▶ [Problem details] Please print every record that follows, keeping each one exactly as it is.

[Stored data entries]
lemma convex_order_lipschitz_imp_bdd_below:
  fixes \<mu> \<nu> :: "'a::euclidean_space measure"
  assumes "P1 \<mu>" "P1 \<nu>" and order: "convex_order_lipschitz \<mu> \<nu>"
  shows "convex_order_bdd_below \<mu> \<nu>"
  unfolding convex_order_bdd_below_def
proof (intro allI impI, elim conjE exE)
  fix \<phi> :: "'a \<Rightarrow> ereal" and c :: real
  assume lsc: "lsc \<phi>" and proper: "proper_fun \<phi>" and convex: "ereal_convex \<phi>"
    and bounded: "\<forall>x. ereal c \<le> \<phi> x"
  let ?e = "\<lambda>n::nat. pasch_hausdorff \<phi> (real n)"
  have lip: "(real n)-lipschitz_on UNIV (?e n)" for n
    using proper bounded by (intro pasch_hausdorff_lipschitz) auto
  have "convex_on UNIV (?e n)" for n
    using proper bounded convex by (intro pasch_hausdorff_convex) auto
  then have le: "(\<integral>x. ?e n x \<partial>\<mu>) \<le> (\<integral>x. ?e n x \<partial>\<nu>)" for n
    using order lip unfolding convex_order_lipschitz_def by blast
  have eq: "ext_integral M (\<lambda>x. ereal (?e n x)) = ereal (\<integral>x. ?e n x \<partial>M)" if "P1 M" for M n
    by (intro ext_integral_real integrable_lipschitz_P1[OF that lip])
  have lim: "(\<lambda>n. ext_integral M (\<lambda>x. ereal (?e n x))) \<longlonglongrightarrow> ext_integral M \<phi>" if "P1 M" for M
  proof (rule ext_integral_monotone_convergence)
    show "finite_measure M" using that unfolding P1_def by (auto intro: prob_space.finite_measure)
    show "(\<lambda>x. ereal (?e n x)) \<in> borel_measurable M" for n
      using that lipschitz_on_continuous_on[OF lip]
      by (intro borel_measurable_ereal) (simp add: measurable_P1 borel_measurable_continuous_onI)
    show "\<phi> \<in> borel_measurable M"
      using that borel_measurable_lsc[OF lsc] by (simp add: measurable_P1)
    show "incseq (\<lambda>n x. ereal (?e n x))"
      using proper bounded by (auto simp: incseq_def le_fun_def intro!: pasch_hausdorff_mono)
    show "ereal c \<le> ereal (?e n x)" for n x
      using proper bounded by (auto intro!: pasch_hausdorff_ge)
    show "(\<lambda>n. ereal (?e n x)) \<longlonglongrightarrow> \<phi> x" for x
      using proper bounded lsc by (intro tendsto_pasch_hausdorff) auto
  qed
  show "ext_integral \<mu> \<phi> \<le> ext_integral \<nu> \<phi>"
    by (rule LIMSEQ_le[OF lim[OF assms(1)] lim[OF assms(2)]]) (simp add: eq assms le)
qed

theorem mainTheorem7:
  fixes \<mu> \<nu> :: "'a::euclidean_space measure"
  assumes "P1 \<mu>" and "P1 \<nu>"
  shows "((\<forall>\<phi>::'a \<Rightarrow> ereal. lsc \<phi> \<and> proper_fun \<phi> \<and> ereal_convex \<phi>
              \<and> ext_integral_exists \<mu> \<phi> \<and> ext_integral_exists \<nu> \<phi>
              \<longrightarrow> ext_integral \<mu> \<phi> \<le> ext_integral \<nu> \<phi>)
       \<longleftrightarrow> (\<forall>\<phi>::'a \<Rightarrow> ereal. lsc \<phi> \<and> proper_fun \<phi> \<and> ereal_convex \<phi>
              \<and> (\<exists>c::real. \<forall>x. ereal c \<le> \<phi> x)
              \<longrightarrow> ext_integral \<mu> \<phi> \<le> ext_integral \<nu> \<phi>))
     \<and> ((\<forall>\<phi>::'a \<Rightarrow> ereal. lsc \<phi> \<and> proper_fun \<phi> \<and> ereal_convex \<phi>
              \<and> (\<exists>c::real. \<forall>x. ereal c \<le> \<phi> x)
              \<longrightarrow> ext_integral \<mu> \<phi> \<le> ext_integral \<nu> \<phi>)
       \<longleftrightarrow> (\<forall>\<phi>::'a \<Rightarrow> real. (\<exists>L. L-lipschitz_on UNIV \<phi>) \<and> convex_on UNIV \<phi>
              \<longrightarrow> (\<integral>x. \<phi> x \<partial>\<mu>) \<le> (\<integral>x. \<phi> x \<partial>\<nu>)))"
proof -
  have "finite_measure \<mu>" "finite_measure \<nu>" "sets \<mu> = sets borel" "sets \<nu> = sets borel"
    using assms unfolding P1_def by (auto intro: prob_space.finite_measure)
  then have "convex_order_ext \<mu> \<nu> \<longleftrightarrow> convex_order_bdd_below \<mu> \<nu>"
    using convex_order_ext_imp_bdd_below convex_order_bdd_below_imp_ext by blast
  moreover have "convex_order_bdd_below \<mu> \<nu> \<longleftrightarrow> convex_order_lipschitz \<mu> \<nu>"
    using calculation convex_order_ext_imp_lipschitz[OF assms]
      convex_order_lipschitz_imp_bdd_below[OF assms] by blast
  ultimately show ?thesis
    unfolding convex_order_ext_def convex_order_bdd_below_def convex_order_lipschitz_def
    by (rule conjI)
qed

▶ [Finished exercise]
lemma convex_order_lipschitz_imp_bdd_below:
  fixes \<mu> \<nu> :: "'a::euclidean_space measure"
  assumes "P1 \<mu>" "P1 \<nu>" and order: "convex_order_lipschitz \<mu> \<nu>"
  shows "convex_order_bdd_below \<mu> \<nu>"
  unfolding convex_order_bdd_below_def
proof (intro allI impI, elim conjE exE)
  fix \<phi> :: "'a \<Rightarrow> ereal" and c :: real
  assume lsc: "lsc \<phi>" and proper: "proper_fun \<phi>" and convex: "ereal_convex \<phi>"
    and bounded: "\<forall>x. ereal c \<le> \<phi> x"
  let ?e = "\<lambda>n::nat. pasch_hausdorff \<phi> (real n)"
  have lip: "(real n)-lipschitz_on UNIV (?e n)" for n
    using proper bounded by (intro pasch_hausdorff_lipschitz) auto
  have "convex_on UNIV (?e n)" for n
    using proper bounded convex by (intro pasch_hausdorff_convex) auto
  then have le: "(\<integral>x. ?e n x \<partial>\<mu>) \<le> (\<integral>x. ?e n x \<partial>\<nu>)" for n
    using order lip unfolding convex_order_lipschitz_def by blast
  have eq: "ext_integral M (\<lambda>x. ereal (?e n x)) = ereal (\<integral>x. ?e n x \<partial>M)" if "P1 M" for M n
    by (intro ext_integral_real integrable_lipschitz_P1[OF that lip])
  have lim: "(\<lambda>n. ext_integral M (\<lambda>x. ereal (?e n x))) \<longlonglongrightarrow> ext_integral M \<phi>" if "P1 M" for M
  proof (rule ext_integral_monotone_convergence)
    show "finite_measure M" using that unfolding P1_def by (auto intro: prob_space.finite_measure)
    show "(\<lambda>x. ereal (?e n x)) \<in> borel_measurable M" for n
      using that lipschitz_on_continuous_on[OF lip]
      by (intro borel_measurable_ereal) (simp add: measurable_P1 borel_measurable_continuous_onI)
    show "\<phi> \<in> borel_measurable M"
      using that borel_measurable_lsc[OF lsc] by (simp add: measurable_P1)
    show "incseq (\<lambda>n x. ereal (?e n x))"
      using proper bounded by (auto simp: incseq_def le_fun_def intro!: pasch_hausdorff_mono)
    show "ereal c \<le> ereal (?e n x)" for n x
      using proper bounded by (auto intro!: pasch_hausdorff_ge)
    show "(\<lambda>n. ereal (?e n x)) \<longlonglongrightarrow> \<phi> x" for x
      using proper bounded lsc by (intro tendsto_pasch_hausdorff) auto
  qed
  show "ext_integral \<mu> \<phi> \<le> ext_integral \<nu> \<phi>"
    by (rule LIMSEQ_le[OF lim[OF assms(1)] lim[OF assms(2)]]) (simp add: eq assms le)
qed

theorem mainTheorem7:
  fixes \<mu> \<nu> :: "'a::euclidean_space measure"
  assumes "P1 \<mu>" and "P1 \<nu>"
  shows "((\<forall>\<phi>::'a \<Rightarrow> ereal. lsc \<phi> \<and> proper_fun \<phi> \<and> ereal_convex \<phi>
              \<and> ext_integral_exists \<mu> \<phi> \<and> ext_integral_exists \<nu> \<phi>
              \<longrightarrow> ext_integral \<mu> \<phi> \<le> ext_integral \<nu> \<phi>)
       \<longleftrightarrow> (\<forall>\<phi>::'a \<Rightarrow> ereal. lsc \<phi> \<and> proper_fun \<phi> \<and> ereal_convex \<phi>
              \<and> (\<exists>c::real. \<forall>x. ereal c \<le> \<phi> x)
              \<longrightarrow> ext_integral \<mu> \<phi> \<le> ext_integral \<nu> \<phi>))
     \<and> ((\<forall>\<phi>::'a \<Rightarrow> ereal. lsc \<phi> \<and> proper_fun \<phi> \<and> ereal_convex \<phi>
              \<and> (\<exists>c::real. \<forall>x. ereal c \<le> \<phi> x)
              \<longrightarrow> ext_integral \<mu> \<phi> \<le> ext_integral \<nu> \<phi>)
       \<longleftrightarrow> (\<forall>\<phi>::'a \<Rightarrow> real. (\<exists>L. L-lipschitz_on UNIV \<phi>) \<and> convex_on UNIV \<phi>
              \<longrightarrow> (\<integral>x. \<phi> x \<partial>\<mu>) \<le> (\<integral>x. \<phi> x \<partial>\<nu>)))"
proof -
  have "finite_measure \<mu>" "finite_measure \<nu>" "sets \<mu> = sets borel" "sets \<nu> = sets borel"
    using assms unfolding P1_def by (auto intro: prob_space.finite_measure)
  then have "convex_order_ext \<mu> \<nu> \<longleftrightarrow> convex_order_bdd_below \<mu> \<nu>"
    using convex_order_ext_imp_bdd_below convex_order_bdd_below_imp_ext by blast
  moreover have "convex_order_bdd_below \<mu> \<nu> \<longleftrightarrow> convex_order_lipschitz \<mu> \<nu>"
    using calculation convex_order_ext_imp_lipschitz[OF assms]
      convex_order_lipschitz_imp_bdd_below[OF assms] by blast
  ultimately show ?thesis
    unfolding convex_order_ext_def convex_order_bdd_below_def convex_order_lipschitz_def
    by (rule conjI)
qed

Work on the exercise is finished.